◆ TRY IT
Two lines in the listing below mark the span: one contains "using assms by (auto" and one contains "using filterlim_inverse_at_top[OF pp_monom_ratio_tendsto_0[of". Reproduce both of them and everything between, exactly.

◆ SUPPLIED INFORMATION
- Opening Delimiter -
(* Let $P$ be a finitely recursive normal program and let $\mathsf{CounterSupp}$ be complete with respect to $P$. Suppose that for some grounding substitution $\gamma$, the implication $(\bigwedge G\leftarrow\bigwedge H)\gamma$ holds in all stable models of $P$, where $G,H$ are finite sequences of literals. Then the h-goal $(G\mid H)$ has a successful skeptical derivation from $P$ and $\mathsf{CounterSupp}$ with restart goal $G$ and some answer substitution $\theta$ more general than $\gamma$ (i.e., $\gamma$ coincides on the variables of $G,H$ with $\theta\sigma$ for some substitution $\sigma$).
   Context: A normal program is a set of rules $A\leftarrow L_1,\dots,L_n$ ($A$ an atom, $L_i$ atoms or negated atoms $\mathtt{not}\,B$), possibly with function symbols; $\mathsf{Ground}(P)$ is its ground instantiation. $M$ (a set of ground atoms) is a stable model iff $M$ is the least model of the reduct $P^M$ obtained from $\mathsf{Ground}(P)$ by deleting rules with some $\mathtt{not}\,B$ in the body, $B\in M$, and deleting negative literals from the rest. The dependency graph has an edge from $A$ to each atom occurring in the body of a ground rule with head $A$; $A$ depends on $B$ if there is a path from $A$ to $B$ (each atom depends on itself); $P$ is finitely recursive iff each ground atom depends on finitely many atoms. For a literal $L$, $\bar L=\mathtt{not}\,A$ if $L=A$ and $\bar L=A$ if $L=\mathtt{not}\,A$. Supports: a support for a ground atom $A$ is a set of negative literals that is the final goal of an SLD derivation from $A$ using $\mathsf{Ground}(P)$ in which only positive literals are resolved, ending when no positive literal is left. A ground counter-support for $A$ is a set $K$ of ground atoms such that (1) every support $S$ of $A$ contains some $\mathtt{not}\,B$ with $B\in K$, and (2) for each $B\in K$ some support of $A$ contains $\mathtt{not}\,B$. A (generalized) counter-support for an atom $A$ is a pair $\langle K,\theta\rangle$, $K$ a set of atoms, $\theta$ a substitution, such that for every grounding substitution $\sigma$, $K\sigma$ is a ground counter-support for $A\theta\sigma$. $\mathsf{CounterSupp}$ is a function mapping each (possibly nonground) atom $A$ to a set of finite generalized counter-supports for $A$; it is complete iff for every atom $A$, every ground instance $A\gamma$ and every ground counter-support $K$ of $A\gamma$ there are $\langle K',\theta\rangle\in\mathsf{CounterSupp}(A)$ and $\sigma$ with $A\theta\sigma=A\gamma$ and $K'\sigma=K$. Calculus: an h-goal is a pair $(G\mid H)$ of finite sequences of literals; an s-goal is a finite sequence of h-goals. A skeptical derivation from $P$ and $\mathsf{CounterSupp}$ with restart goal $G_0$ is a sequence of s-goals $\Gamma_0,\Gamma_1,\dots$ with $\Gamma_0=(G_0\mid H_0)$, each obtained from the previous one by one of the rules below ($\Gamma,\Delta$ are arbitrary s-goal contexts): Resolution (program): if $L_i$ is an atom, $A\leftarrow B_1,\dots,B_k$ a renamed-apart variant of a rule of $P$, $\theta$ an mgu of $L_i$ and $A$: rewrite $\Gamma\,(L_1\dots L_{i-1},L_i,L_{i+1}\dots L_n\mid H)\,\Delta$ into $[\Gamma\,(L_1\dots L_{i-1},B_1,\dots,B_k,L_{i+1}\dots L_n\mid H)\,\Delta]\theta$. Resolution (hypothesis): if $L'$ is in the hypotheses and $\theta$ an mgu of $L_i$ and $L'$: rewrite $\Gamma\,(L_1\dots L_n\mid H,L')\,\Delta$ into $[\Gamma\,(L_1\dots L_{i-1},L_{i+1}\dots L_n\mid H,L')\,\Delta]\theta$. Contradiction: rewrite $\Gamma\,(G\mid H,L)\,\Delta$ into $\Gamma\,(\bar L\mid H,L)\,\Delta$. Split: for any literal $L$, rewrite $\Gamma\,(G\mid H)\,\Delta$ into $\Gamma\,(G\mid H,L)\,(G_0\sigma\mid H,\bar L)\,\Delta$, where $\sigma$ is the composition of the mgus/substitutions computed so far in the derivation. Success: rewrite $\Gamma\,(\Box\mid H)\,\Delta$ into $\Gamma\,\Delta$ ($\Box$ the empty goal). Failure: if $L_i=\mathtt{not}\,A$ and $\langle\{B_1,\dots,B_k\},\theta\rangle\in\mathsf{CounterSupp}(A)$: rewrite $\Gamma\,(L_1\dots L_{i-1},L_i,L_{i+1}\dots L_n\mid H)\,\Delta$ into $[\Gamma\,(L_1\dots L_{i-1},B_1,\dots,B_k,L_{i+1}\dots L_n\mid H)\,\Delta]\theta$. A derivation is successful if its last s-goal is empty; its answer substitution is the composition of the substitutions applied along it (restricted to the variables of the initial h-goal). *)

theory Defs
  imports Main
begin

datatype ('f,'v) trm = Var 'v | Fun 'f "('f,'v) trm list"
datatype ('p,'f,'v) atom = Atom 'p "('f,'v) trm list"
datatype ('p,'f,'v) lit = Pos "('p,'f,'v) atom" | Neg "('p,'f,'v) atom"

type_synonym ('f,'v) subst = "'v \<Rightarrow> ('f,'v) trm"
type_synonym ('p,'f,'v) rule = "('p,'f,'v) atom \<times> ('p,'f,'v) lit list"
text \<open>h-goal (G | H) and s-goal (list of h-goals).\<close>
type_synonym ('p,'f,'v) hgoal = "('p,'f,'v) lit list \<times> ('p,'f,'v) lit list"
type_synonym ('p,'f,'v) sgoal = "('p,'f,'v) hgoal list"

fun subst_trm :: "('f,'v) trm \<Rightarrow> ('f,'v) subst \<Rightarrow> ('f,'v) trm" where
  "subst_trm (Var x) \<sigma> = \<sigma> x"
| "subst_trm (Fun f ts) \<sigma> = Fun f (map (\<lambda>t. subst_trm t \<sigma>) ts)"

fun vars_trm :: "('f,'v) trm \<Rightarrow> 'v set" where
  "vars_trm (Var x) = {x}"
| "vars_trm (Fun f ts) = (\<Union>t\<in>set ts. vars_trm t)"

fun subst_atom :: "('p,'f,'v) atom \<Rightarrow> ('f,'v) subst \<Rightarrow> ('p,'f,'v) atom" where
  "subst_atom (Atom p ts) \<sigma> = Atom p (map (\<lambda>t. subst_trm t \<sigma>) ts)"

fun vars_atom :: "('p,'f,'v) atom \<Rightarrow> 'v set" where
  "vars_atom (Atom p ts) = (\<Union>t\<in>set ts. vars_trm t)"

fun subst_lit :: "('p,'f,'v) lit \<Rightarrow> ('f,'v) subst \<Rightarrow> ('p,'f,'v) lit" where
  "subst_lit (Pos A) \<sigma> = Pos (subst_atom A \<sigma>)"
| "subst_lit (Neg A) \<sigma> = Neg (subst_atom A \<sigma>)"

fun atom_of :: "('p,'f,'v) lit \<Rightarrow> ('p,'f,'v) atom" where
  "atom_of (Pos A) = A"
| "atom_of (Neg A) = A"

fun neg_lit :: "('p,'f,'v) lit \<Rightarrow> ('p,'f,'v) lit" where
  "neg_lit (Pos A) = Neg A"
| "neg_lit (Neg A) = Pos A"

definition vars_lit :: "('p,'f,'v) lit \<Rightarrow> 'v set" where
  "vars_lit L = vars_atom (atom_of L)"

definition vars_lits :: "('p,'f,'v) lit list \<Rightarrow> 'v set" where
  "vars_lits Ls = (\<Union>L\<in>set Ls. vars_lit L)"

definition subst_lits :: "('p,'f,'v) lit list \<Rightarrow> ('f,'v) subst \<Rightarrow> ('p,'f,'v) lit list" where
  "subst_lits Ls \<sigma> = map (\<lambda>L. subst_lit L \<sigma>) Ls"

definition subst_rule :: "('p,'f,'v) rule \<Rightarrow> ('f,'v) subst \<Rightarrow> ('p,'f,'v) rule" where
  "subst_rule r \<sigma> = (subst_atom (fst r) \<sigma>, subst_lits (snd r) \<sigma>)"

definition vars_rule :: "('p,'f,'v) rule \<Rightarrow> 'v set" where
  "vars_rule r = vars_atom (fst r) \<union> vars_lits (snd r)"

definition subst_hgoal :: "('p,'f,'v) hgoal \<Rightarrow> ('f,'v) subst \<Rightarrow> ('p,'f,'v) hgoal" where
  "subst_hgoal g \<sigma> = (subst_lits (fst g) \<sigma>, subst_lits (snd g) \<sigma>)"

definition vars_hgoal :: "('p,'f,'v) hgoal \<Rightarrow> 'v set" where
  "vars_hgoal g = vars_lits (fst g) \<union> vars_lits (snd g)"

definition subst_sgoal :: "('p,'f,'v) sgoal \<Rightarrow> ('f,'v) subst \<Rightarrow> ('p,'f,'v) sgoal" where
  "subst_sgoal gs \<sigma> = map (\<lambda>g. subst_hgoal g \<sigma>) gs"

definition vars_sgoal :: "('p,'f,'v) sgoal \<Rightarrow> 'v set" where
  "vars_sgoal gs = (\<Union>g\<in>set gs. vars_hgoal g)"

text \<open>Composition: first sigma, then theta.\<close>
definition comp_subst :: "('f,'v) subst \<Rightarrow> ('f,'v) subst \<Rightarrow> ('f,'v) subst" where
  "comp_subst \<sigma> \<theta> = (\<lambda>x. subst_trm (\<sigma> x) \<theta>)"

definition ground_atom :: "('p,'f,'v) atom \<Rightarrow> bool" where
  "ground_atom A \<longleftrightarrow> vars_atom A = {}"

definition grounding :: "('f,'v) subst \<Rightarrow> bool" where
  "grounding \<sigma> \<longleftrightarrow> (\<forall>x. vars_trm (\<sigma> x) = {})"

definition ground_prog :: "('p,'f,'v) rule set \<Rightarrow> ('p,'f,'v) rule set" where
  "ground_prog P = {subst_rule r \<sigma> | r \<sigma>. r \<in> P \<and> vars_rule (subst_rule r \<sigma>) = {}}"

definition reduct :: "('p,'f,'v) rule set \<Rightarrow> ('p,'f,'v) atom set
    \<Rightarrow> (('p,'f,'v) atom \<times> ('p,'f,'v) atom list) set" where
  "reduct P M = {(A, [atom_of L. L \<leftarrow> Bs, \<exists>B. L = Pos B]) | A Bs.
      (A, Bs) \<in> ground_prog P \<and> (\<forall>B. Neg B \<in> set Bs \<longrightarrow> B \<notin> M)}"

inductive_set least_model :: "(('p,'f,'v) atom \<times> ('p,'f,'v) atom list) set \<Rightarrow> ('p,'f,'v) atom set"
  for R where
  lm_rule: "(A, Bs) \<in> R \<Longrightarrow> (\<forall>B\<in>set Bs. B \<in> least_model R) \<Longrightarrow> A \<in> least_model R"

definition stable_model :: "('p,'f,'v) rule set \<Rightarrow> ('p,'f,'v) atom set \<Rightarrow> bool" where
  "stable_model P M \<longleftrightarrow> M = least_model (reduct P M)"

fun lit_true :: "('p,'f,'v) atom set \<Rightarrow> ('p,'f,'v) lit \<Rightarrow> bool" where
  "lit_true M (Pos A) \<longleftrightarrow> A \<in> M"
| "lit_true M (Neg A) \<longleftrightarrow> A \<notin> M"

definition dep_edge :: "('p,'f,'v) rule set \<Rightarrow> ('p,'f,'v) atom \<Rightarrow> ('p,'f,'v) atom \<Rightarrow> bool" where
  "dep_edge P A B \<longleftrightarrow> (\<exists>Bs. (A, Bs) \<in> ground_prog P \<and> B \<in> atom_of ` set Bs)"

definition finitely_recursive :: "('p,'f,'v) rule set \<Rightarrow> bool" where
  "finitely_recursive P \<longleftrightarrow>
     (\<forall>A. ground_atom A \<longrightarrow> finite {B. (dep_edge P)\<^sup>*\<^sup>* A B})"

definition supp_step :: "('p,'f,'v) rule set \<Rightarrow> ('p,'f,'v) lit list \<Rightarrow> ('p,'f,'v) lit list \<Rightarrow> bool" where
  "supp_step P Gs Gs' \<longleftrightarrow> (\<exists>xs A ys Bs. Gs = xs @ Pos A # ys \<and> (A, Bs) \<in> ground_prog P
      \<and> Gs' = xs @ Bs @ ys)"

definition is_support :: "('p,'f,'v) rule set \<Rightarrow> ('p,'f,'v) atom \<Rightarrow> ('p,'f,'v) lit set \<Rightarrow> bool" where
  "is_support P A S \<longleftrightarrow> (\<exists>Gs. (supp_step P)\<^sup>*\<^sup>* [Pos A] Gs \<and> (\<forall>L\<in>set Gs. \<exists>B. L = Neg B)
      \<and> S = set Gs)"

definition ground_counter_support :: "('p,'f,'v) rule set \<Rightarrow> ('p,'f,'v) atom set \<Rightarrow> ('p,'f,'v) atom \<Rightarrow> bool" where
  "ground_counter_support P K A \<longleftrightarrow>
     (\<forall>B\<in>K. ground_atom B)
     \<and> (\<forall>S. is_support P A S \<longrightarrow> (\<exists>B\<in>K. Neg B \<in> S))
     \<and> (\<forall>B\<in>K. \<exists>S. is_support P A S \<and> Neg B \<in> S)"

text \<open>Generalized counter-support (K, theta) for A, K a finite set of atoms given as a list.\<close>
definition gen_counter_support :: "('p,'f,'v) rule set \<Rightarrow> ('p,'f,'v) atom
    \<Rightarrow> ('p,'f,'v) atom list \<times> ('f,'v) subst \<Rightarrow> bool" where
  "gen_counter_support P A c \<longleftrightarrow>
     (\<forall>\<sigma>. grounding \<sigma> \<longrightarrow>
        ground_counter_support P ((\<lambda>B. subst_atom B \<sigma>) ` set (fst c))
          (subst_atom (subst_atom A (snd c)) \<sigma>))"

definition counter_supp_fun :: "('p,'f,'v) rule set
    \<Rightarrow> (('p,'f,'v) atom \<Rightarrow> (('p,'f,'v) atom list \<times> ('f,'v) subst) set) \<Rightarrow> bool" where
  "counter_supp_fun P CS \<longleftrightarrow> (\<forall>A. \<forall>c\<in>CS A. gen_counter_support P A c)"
- Closing Delimiter -
- Opening Delimiter -
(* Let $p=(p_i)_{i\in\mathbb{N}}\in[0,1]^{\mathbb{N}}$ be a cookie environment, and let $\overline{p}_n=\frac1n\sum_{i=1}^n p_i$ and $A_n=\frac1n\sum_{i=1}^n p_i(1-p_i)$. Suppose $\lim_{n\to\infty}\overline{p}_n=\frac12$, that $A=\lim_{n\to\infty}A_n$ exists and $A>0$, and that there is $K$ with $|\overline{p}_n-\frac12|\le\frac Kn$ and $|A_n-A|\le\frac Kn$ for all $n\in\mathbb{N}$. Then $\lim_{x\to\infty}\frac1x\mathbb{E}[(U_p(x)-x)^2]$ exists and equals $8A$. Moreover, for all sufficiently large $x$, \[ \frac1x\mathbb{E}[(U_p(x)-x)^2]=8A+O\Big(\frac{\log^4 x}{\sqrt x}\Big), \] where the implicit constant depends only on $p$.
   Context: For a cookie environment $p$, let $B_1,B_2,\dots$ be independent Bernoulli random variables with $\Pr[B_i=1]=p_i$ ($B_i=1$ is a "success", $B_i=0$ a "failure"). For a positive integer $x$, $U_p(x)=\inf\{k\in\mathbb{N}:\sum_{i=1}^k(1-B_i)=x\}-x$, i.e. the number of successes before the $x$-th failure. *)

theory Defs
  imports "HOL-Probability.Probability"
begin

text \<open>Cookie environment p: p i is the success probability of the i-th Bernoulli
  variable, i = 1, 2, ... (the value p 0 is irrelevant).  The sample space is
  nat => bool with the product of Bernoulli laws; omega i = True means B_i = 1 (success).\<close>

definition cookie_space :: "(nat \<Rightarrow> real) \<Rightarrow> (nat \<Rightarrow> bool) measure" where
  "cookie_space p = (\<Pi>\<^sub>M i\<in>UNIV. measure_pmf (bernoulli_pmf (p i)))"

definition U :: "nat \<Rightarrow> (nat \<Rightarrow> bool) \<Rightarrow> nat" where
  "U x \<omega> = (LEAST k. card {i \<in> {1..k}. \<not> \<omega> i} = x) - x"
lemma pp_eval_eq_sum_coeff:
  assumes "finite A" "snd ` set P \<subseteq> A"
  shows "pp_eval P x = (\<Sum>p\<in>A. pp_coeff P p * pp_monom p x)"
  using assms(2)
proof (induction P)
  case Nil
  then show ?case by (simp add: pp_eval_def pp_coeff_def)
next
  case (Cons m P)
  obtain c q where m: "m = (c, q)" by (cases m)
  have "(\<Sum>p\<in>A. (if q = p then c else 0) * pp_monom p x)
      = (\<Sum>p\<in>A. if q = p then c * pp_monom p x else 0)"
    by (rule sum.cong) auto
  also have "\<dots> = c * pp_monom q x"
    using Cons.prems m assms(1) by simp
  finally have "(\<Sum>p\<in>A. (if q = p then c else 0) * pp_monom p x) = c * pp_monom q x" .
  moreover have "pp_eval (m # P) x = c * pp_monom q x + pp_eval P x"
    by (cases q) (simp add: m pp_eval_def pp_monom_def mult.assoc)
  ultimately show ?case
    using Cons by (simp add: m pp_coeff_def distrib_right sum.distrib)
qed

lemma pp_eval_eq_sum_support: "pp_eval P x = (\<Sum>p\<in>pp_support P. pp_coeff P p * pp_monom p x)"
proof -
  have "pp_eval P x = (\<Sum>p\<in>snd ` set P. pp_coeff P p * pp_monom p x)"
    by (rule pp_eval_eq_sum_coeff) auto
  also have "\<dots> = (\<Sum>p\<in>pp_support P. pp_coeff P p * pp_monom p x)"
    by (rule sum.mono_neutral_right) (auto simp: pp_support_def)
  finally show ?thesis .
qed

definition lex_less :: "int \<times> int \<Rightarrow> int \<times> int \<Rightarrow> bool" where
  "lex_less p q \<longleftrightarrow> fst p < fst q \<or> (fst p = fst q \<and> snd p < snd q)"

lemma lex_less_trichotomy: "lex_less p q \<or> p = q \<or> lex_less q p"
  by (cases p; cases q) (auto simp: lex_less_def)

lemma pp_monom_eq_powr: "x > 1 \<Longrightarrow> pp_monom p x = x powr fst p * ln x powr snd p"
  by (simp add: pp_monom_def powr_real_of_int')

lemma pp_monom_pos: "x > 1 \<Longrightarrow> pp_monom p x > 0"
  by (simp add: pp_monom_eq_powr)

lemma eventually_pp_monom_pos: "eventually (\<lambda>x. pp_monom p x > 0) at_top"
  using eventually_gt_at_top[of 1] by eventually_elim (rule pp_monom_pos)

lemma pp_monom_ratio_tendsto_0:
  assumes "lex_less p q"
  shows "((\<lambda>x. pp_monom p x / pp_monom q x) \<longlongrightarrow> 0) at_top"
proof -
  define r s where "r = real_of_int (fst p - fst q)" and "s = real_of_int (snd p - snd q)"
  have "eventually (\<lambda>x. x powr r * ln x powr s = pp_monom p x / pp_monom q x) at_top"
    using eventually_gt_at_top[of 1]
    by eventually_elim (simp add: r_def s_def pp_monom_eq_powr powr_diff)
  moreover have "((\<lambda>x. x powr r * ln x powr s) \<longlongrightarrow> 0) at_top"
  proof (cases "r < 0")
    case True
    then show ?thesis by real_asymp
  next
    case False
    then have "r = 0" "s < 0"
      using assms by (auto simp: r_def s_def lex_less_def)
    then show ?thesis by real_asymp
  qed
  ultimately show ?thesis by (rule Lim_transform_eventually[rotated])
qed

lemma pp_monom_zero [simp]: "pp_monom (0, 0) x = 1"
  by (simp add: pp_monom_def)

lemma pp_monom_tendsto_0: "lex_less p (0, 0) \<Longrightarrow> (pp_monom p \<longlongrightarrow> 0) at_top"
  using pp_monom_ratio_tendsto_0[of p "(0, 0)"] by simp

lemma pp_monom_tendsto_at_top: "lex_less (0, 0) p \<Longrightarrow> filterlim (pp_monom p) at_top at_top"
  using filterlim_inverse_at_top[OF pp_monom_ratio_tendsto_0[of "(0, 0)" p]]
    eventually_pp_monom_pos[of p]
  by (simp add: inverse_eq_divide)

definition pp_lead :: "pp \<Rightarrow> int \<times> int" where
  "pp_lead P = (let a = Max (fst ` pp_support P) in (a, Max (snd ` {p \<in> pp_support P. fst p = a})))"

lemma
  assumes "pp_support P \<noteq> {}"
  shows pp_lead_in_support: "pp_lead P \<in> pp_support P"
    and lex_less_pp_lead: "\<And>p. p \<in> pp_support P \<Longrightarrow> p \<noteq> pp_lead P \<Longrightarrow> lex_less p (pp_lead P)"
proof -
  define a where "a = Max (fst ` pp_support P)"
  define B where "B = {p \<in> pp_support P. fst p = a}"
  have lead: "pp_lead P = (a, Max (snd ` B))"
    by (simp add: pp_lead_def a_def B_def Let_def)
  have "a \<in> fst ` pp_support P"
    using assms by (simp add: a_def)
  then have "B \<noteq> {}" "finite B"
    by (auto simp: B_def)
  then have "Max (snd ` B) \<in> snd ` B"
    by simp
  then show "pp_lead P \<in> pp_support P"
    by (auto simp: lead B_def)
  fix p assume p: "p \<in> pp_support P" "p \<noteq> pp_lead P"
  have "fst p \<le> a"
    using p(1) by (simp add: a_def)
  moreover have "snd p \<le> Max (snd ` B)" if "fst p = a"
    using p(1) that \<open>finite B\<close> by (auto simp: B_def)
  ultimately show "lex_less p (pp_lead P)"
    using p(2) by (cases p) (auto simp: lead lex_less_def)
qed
- Closing Delimiter -
◆ RESPONSE TO THE EXERCISE
      using assms by (auto simp: r_def s_def lex_less_def)
    then show ?thesis by real_asymp
  qed
  ultimately show ?thesis by (rule Lim_transform_eventually[rotated])
qed

lemma pp_monom_zero [simp]: "pp_monom (0, 0) x = 1"
  by (simp add: pp_monom_def)

lemma pp_monom_tendsto_0: "lex_less p (0, 0) \<Longrightarrow> (pp_monom p \<longlongrightarrow> 0) at_top"
  using pp_monom_ratio_tendsto_0[of p "(0, 0)"] by simp

lemma pp_monom_tendsto_at_top: "lex_less (0, 0) p \<Longrightarrow> filterlim (pp_monom p) at_top at_top"
  using filterlim_inverse_at_top[OF pp_monom_ratio_tendsto_0[of "(0, 0)" p]]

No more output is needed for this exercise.